Blog Forum 2: Witches, Warlocks, and Demons
Medieval History

Blog Forum 2: Witches, Warlocks, and Demons


I'll take moderator's privilege here for the 2nd post in our Blog Forum.

Please comment/ discuss below. Or send longer responses directly to me and I'll be happy to add to the ongoing forum.



Recently, there have been witch-hunts in rural Kenya. According to the article, about 100 people, armed with torches & machetes, stormed into a village and just started killing people suspected of practicing witchcraft. The local shaman (!!!)* explained that there probably weren't witches in that town and that old vendettas were most likely to blame. Belief in witchcraft, however, is apparently widespread, even beyond Kenya's borders.

The point I want to focus on, however, is the very 1st sentence of that initial CNN article.
"It may be difficult for modern-day Western cultures to fathom, but in Western Kenya, beliefs in ghosts and witches are very real."
No. Just no. This is a convenient fable that we tell ourselves sometimes -- a fable that makes (many of) us feel safe and secure, one that makes us feel like we have nothing in common with our past. But a fable isn't true.

So, let's talk about the West and its witches, warlocks, and demons. And let me, if I may, start with the Middle Ages, or more specifically with the Christianization of Europe.

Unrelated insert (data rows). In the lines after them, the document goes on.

lemma continuous_on_rotate:
  "continuous_on S a \<Longrightarrow> continuous_on S x \<Longrightarrow> continuous_on S (\<lambda>s. rotate (a s) (x s))"
  unfolding rotate_def embed_def coord_def by (intro continuous_intros)

definition twist :: "'a \<Rightarrow> 'a" where
  "twist x = stretch (norm x) *\<^sub>R rotate (twist_angle (norm x)) x"

lemma norm_twist: "norm (twist x) = radial (norm x)"
  using stretch_pos[of "norm x"] by (simp add: twist_def radial_def)

lemma twist_fixes_sphere: "norm x = 1 \<Longrightarrow> twist x = x"
  by (simp add: twist_def stretch_def twist_angle_def)

lemma twist_0: "twist 0 = 0"
  using rotate_scaleR[of _ 0 0] by (simp add: twist_def)

lemma continuous_on_twist: "continuous_on S twist"
  unfolding twist_def stretch_def
  by (intro continuous_intros continuous_on_rotate
      continuous_on_compose2[OF continuous_on_twist_angle]) auto

lemma inj_on_twist: "inj_on twist (cball 0 1)"
proof
  fix x y assume "x \<in> cball 0 1" "y \<in> cball 0 1" and eq: "twist x = twist y"
  have "norm x = norm y"
    using inj_onD[OF inj_on_radial] norm_twist[of x] norm_twist[of y] eq by simp
  then have "rotate (twist_angle (norm x)) x = rotate (twist_angle (norm x)) y"
    using eq stretch_pos[of "norm x"] by (simp add: twist_def)
  then show "x = y"
    by (metis rotate_rotate_minus)
qed

lemma twist_image_cball: "twist ` cball 0 1 = cball 0 1"
proof
  show "twist ` cball 0 1 \<subseteq> cball 0 1"
    using norm_twist radial_le_one by auto
  show "cball 0 1 \<subseteq> twist ` cball 0 1"
  proof
    fix y :: 'a assume y: "y \<in> cball 0 1"
    obtain r where r: "0 \<le> r" "r \<le> 1" "radial r = norm y"
      using IVT'[of radial 0 "norm y" 1] continuous_on_radial y by auto
    define x where "x = (1 / stretch r) *\<^sub>R rotate (- twist_angle r) y"
    have norm_x: "norm x = r"
      using r stretch_pos[of r] by (simp add: x_def radial_def flip: r(3))
    have "twist x = y"
      unfolding twist_def norm_x using stretch_pos[of r] by (simp add: x_def rotate_scaleR)
    then show "y \<in> twist ` cball 0 1"
      using norm_x r by force
  qed
qed

lemma twist_homeomorphism: "\<exists>g. homeomorphism (cball 0 1) (cball 0 1) twist g"
  using homeomorphism_compact[OF compact_cball continuous_on_twist twist_image_cball inj_on_twist]
  by blast

lemma funpow_twist_orbit:
  "(twist ^^ n) (embed (1/2)) = embed (of_real (1 - orbit_gap n) * cis (orbit_angle n))"
proof (induction n)
  case 0
  then show ?case by (simp add: orbit_angle_def)
next
  case (Suc n)
  let ?t = "orbit_gap n"
  let ?z = "of_real (1 - ?t) * cis (orbit_angle n)"
  have norm_z: "norm (embed ?z) = 1 - ?t"
    using orbit_gap_bounds[of n] by (simp add: norm_mult del: of_real_diff)
  have radius: "stretch (1 - ?t) * (1 - ?t) = 1 - orbit_gap (Suc n)"
    using radial_one_minus[of ?t] by (simp add: radial_def mult.commute)
  have angle: "orbit_angle n + twist_angle (1 - ?t) = orbit_angle (Suc n)"
    by (simp add: twist_angle_one_minus orbit_angle_Suc)
  have "(twist ^^ Suc n) (embed (1/2)) = twist (embed ?z)"
    using Suc by simp
  also have "\<dots> = stretch (1 - ?t) *\<^sub>R embed (cis (twist_angle (1 - ?t)) * ?z)"
    unfolding twist_def norm_z rotate_embed ..
  also have "\<dots> = embed (of_real (stretch (1 - ?t) * (1 - ?t))
                      * (cis (orbit_angle n) * cis (twist_angle (1 - ?t))))"
    by (simp add: embed_of_real_mult[symmetric] mult_ac del: of_real_diff)
  also have "\<dots> = embed (of_real (1 - orbit_gap (Suc n)) * cis (orbit_angle (Suc n)))"
    by (simp only: radius cis_mult angle)
  finally show ?case .
qed

lemma omega_limit_twist: "omega_limit twist (embed (1/2)) = embed ` sphere 0 1"
proof -
  have close: "(\<lambda>n. (twist ^^ n) (embed (1/2)) - embed (cis (orbit_angle n))) \<longlonglongrightarrow> 0"
  proof (rule tendsto_norm_zero_cancel)
    have "norm ((twist ^^ n) (embed (1/2)) - embed (cis (orbit_angle n))) = orbit_gap n" for n
      using orbit_gap_bounds[of n]
      by (simp add: funpow_twist_orbit flip: embed_diff add: algebra_simps norm_mult)
    then show "(\<lambda>n. norm ((twist ^^ n) (embed (1/2)) - embed (cis (orbit_angle n)))) \<longlonglongrightarrow> 0"
      using orbit_gap_tendsto_0 by simp
  qed
  have winding: "seq_limits (\<lambda>n. cis (orbit_angle n)) = sphere 0 1"
    using seq_limits_cis_slow_winding orbit_angle_increment_tendsto_0 orbit_angle_tendsto_at_top
    by blast
  have "seq_limits (\<lambda>n. embed (cis (orbit_angle n))) = embed ` sphere 0 1"
  proof
    show "seq_limits (\<lambda>n. embed (cis (orbit_angle n))) \<subseteq> embed ` sphere 0 1"
      by (intro seq_limits_subset_closed compact_imp_closed compact_continuous_image
          continuous_on_embed compact_sphere) auto
    show "embed ` sphere 0 1 \<subseteq> seq_limits (\<lambda>n. embed (cis (orbit_angle n)))"
      using seq_limits_continuous_image[OF continuous_on_embed, of "\<lambda>n. cis (orbit_angle n)"]
      by (simp add: winding comp_def)
  qed
  then show ?thesis
    using seq_limits_eq_if_asymptotic[OF close] by (simp add: omega_limit_eq_seq_limits)
qed

lemma embed_sphere_homeomorphic: "embed ` sphere 0 1 homeomorphic sphere (0::complex) 1"
proof -
  have "inj_on embed (sphere 0 1)"
    by (metis coord_embed inj_on_inverseI)
  then obtain g where "homeomorphism (sphere (0::complex) 1) (embed ` sphere 0 1) embed g"
    using homeomorphism_compact[OF compact_sphere continuous_on_embed refl] by blast
  then show ?thesis
    using homeomorphic_def homeomorphic_sym by blast
qed

end

theorem proposition4p1:
  assumes "DIM('a::euclidean_space) \<ge> 2"
  shows "\<exists>(f::'a \<Rightarrow> 'a) g.
           homeomorphism (cball 0 1) (cball 0 1) f g \<and>
           sphere 0 1 \<union> {0} \<subseteq> Fix f \<and>
           (\<exists>x \<in> cball 0 1 - (sphere 0 1 \<union> {0}).
              omega_limit f x \<subseteq> sphere 0 1 \<and>
              omega_limit f x homeomorphic sphere (0::complex) 1)"
proof -
  obtain u v :: 'a where "u \<in> Basis" "v \<in> Basis" "u \<noteq> v"
    using assms by (metis card_le_Suc0_iff_eq finite_Basis not_less_eq_eq numeral_2_eq_2)
  then interpret orthonormal_pair u v
    by unfold_locales (auto simp: inner_Basis)
  obtain g where "homeomorphism (cball 0 1) (cball 0 1) twist g"
    using twist_homeomorphism by blast
  moreover have "sphere 0 1 \<union> {0} \<subseteq> Fix twist"
    using twist_fixes_sphere twist_0 by (auto simp: Fix_def)
  moreover have "norm (embed (1/2)) = 1/2"
    by simp
  then have "embed (1/2) \<in> cball 0 1 - (sphere 0 1 \<union> {0})"
    by (auto simp del: norm_embed)
  moreover have "embed ` sphere 0 1 \<subseteq> sphere 0 1"
    by auto
  ultimately show ?thesis
    using omega_limit_twist embed_sphere_homeomorphic by metis
qed

end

Pagan antiquity is filled with examples of discussions of the supernatural intervening directly in this world and, in this sense, little changed once we entered the Middle Ages. The supernatural, on both sides, good and evil, were constantly present in the day-to-day events of this world. God's plan, made manifest in the shape of historical events, could only be actualized with the help of men and women working both for and against that plan, guided oftentimes by angelic or demonic beings. Often, this can be best/ easiest seen in monasticism. For example, think of the trials of St. Anthony or St. Guthlac or, as Michael Moore has written about, the battles St. Odilo and those of Cluny waged against Satan and his minions. But, I would argue, in the late 10th and early 11th century, these supernatural battles moved beyond the cloister and beyond the realm of the purely spiritual. God (through the Archangel Gabriel) succored Charlemagne in the ca. 1100 Oxford Song of Roland. On the 1st Crusade (1095-99), legions of the crusading dead returned to aid their brethren retake Jerusalem from a race influenced by demons. Earlier, demons and Satan himself wandered the 11th-century countryside whispering lies in heretics' ears. They continued to work their evil through the late Middle Ages, eventually inspiring/ conspiring with witches. The witch-craze, a more early modern than medieval phenomenon, only ended around 1700. The witch trials in Salem, MA (USA) were one of the last known episodes in the West.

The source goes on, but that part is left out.